_ABOUT THIS TASK:_
Below are some records; output exactly the lines from the line with "by (intro continuous_on_sum" to the line with "by (rule abs_diff_le[OF", both ends kept, and nothing more.

_RECORDED INFORMATION:_
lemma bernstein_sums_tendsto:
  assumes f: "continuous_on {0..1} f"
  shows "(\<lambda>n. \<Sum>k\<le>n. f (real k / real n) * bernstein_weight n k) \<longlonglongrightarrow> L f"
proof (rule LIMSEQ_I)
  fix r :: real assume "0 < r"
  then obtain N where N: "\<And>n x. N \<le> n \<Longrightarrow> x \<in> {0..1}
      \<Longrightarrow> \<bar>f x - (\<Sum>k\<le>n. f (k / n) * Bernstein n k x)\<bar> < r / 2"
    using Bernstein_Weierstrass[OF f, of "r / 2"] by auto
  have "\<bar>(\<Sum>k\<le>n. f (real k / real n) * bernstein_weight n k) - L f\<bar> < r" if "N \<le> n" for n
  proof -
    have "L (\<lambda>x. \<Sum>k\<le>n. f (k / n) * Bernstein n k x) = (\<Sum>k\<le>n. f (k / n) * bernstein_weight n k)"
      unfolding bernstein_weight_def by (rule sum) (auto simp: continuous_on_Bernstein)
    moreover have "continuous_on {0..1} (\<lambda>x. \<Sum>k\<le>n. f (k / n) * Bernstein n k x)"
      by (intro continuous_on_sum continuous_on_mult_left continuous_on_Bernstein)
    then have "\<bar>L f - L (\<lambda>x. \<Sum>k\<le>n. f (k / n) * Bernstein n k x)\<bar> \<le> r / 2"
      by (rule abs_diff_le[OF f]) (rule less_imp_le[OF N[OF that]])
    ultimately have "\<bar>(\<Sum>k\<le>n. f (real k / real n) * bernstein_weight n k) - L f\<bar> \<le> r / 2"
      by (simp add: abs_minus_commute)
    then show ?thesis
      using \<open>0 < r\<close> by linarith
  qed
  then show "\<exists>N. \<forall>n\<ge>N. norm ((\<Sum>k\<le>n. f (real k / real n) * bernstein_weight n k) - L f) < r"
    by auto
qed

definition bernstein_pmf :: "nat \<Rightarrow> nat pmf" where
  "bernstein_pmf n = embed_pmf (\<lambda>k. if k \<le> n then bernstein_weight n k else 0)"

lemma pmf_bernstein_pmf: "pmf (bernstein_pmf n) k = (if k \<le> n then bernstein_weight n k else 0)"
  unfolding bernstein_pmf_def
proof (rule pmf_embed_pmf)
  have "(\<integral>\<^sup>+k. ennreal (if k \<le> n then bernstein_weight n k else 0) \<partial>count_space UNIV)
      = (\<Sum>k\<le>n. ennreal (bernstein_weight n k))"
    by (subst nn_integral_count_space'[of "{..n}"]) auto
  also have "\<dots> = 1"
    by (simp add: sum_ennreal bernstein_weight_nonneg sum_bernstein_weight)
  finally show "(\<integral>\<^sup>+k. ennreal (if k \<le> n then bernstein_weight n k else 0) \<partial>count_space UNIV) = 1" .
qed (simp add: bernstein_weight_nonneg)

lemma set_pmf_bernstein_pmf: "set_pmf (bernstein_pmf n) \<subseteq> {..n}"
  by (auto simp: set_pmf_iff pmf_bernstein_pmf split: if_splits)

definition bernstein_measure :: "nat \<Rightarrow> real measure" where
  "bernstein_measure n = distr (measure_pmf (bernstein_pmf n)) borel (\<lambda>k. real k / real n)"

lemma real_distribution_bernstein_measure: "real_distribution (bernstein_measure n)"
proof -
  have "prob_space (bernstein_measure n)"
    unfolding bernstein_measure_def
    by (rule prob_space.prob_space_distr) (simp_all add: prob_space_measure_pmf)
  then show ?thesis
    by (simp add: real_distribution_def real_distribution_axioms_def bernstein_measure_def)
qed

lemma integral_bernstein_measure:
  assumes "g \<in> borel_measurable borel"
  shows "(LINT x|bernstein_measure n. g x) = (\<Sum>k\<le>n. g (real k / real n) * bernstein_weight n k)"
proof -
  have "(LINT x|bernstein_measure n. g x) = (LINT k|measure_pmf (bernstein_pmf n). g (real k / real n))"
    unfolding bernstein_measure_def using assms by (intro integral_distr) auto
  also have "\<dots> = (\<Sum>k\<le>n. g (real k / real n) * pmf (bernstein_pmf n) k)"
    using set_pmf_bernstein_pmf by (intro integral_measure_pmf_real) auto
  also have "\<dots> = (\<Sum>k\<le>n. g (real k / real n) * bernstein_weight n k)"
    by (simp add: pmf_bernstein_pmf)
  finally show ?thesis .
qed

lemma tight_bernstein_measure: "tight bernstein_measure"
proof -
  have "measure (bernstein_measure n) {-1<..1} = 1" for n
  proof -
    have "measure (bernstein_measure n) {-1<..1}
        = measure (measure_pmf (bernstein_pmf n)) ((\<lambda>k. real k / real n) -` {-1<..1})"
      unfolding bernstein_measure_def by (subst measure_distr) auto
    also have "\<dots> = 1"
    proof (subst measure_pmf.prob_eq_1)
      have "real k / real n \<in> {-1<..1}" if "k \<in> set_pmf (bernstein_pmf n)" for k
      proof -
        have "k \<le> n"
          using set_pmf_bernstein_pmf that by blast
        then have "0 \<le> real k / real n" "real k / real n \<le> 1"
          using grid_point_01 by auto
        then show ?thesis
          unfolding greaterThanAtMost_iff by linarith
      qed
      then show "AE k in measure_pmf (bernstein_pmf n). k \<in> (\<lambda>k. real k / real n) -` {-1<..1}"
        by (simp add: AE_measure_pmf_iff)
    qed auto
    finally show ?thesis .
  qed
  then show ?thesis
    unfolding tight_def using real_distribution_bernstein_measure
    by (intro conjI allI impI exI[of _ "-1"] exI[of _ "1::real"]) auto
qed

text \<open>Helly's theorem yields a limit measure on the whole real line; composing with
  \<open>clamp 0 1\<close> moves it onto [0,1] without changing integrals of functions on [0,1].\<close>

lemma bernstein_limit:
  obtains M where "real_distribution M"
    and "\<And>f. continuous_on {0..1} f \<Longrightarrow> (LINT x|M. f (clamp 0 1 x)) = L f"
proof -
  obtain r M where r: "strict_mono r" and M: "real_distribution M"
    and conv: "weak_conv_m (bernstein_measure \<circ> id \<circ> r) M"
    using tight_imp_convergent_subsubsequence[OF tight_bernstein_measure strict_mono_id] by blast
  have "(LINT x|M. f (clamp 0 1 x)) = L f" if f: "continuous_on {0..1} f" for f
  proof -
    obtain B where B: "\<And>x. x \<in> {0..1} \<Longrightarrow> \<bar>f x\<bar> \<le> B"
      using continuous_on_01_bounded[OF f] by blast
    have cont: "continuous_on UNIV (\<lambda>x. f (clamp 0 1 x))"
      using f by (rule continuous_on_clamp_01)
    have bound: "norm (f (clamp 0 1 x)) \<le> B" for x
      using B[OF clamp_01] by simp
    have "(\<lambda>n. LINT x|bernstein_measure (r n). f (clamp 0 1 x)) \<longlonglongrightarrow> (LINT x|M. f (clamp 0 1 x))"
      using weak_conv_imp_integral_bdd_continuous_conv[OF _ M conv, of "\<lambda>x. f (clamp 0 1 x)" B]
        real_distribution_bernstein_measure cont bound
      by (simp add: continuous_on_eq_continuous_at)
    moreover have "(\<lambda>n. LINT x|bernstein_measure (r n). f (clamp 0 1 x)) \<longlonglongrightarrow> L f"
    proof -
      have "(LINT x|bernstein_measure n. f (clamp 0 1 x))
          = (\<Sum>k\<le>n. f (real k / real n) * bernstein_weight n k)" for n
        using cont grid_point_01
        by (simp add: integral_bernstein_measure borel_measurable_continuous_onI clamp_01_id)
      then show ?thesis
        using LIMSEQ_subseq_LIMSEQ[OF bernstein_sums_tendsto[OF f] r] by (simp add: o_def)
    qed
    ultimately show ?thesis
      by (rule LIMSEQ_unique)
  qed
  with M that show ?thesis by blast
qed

_EXERCISE OUTPUT:_
      by (intro continuous_on_sum continuous_on_mult_left continuous_on_Bernstein)
    then have "\<bar>L f - L (\<lambda>x. \<Sum>k\<le>n. f (k / n) * Bernstein n k x)\<bar> \<le> r / 2"
      by (rule abs_diff_le[OF f]) (rule less_imp_le[OF N[OF that]])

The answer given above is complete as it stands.